• What you need to do:
Which lines of the entries below run from the one holding "x = (\<lambda>j." to the one holding "(\<exists>Fb :: ('a", inclusive? Set down exactly those lines and no others.

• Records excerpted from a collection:
__________________________________________________
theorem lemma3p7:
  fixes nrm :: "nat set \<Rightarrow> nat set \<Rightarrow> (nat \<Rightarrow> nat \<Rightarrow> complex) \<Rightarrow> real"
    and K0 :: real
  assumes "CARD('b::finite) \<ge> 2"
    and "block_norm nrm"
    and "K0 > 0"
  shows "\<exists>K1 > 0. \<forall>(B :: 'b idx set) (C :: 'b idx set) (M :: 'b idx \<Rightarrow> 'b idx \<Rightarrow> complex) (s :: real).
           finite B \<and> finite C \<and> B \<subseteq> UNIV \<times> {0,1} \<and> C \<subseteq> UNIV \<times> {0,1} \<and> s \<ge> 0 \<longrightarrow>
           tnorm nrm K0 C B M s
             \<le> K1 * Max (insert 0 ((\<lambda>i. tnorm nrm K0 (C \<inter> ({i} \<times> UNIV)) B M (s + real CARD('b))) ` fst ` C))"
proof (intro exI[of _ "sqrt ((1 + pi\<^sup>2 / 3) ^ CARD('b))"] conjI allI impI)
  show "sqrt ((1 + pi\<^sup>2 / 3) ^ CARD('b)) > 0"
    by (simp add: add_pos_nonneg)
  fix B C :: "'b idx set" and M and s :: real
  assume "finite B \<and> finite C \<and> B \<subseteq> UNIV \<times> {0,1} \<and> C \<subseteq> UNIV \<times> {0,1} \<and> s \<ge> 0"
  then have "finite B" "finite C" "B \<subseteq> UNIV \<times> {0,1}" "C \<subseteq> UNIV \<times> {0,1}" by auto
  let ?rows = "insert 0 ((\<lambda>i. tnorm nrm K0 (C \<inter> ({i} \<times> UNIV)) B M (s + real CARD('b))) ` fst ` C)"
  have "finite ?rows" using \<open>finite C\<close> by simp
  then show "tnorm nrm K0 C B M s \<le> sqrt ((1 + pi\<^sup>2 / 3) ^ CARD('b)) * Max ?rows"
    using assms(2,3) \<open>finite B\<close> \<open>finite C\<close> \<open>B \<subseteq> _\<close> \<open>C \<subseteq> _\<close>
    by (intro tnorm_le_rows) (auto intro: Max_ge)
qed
__________________________________________________
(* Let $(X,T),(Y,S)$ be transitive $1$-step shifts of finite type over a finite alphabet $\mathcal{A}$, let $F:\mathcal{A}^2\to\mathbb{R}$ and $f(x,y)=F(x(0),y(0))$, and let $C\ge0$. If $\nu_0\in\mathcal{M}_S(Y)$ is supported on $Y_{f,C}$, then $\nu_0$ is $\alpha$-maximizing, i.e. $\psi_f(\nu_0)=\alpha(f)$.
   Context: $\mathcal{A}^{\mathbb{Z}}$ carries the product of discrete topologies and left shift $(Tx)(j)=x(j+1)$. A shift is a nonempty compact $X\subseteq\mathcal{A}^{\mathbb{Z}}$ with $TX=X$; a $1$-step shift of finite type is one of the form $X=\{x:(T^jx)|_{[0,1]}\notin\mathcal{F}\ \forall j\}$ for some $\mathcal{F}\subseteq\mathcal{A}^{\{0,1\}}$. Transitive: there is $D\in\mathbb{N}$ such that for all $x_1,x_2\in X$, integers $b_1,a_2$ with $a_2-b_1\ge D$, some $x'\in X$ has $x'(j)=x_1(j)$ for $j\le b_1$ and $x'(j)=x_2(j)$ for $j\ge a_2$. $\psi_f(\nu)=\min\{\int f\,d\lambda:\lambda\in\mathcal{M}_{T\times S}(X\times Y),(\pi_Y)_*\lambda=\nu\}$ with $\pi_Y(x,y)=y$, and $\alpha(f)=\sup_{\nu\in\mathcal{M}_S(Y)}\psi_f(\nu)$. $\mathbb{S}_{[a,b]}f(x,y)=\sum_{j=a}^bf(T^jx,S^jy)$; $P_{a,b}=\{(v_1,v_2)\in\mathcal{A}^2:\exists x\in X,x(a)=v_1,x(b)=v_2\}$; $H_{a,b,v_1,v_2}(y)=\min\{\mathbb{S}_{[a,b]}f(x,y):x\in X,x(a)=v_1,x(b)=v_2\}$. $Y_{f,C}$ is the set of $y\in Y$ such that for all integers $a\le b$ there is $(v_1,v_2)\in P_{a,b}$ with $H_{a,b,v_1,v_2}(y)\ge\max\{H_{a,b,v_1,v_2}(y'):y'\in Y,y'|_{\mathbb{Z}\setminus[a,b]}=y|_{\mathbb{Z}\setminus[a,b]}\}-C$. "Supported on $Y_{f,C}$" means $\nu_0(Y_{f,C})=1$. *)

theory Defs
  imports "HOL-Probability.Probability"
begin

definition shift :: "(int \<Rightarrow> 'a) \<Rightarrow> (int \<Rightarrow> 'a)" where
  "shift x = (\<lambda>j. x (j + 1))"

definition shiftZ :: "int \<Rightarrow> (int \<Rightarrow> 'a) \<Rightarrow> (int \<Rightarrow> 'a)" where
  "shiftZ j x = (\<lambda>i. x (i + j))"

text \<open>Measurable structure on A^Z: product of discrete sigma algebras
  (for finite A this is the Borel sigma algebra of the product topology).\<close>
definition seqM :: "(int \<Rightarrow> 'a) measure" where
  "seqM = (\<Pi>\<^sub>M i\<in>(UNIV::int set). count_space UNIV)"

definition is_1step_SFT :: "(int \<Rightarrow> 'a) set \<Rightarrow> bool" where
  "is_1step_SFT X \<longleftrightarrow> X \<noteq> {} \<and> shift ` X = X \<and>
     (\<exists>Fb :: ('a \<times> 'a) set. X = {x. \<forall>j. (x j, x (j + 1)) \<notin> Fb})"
__________________________________________________
• Reply to the exercise:
  "shift x = (\<lambda>j. x (j + 1))"

definition shiftZ :: "int \<Rightarrow> (int \<Rightarrow> 'a) \<Rightarrow> (int \<Rightarrow> 'a)" where
  "shiftZ j x = (\<lambda>i. x (i + j))"

text \<open>Measurable structure on A^Z: product of discrete sigma algebras
  (for finite A this is the Borel sigma algebra of the product topology).\<close>
definition seqM :: "(int \<Rightarrow> 'a) measure" where
  "seqM = (\<Pi>\<^sub>M i\<in>(UNIV::int set). count_space UNIV)"

definition is_1step_SFT :: "(int \<Rightarrow> 'a) set \<Rightarrow> bool" where
  "is_1step_SFT X \<longleftrightarrow> X \<noteq> {} \<and> shift ` X = X \<and>
     (\<exists>Fb :: ('a \<times> 'a) set. X = {x. \<forall>j. (x j, x (j + 1)) \<notin> Fb})"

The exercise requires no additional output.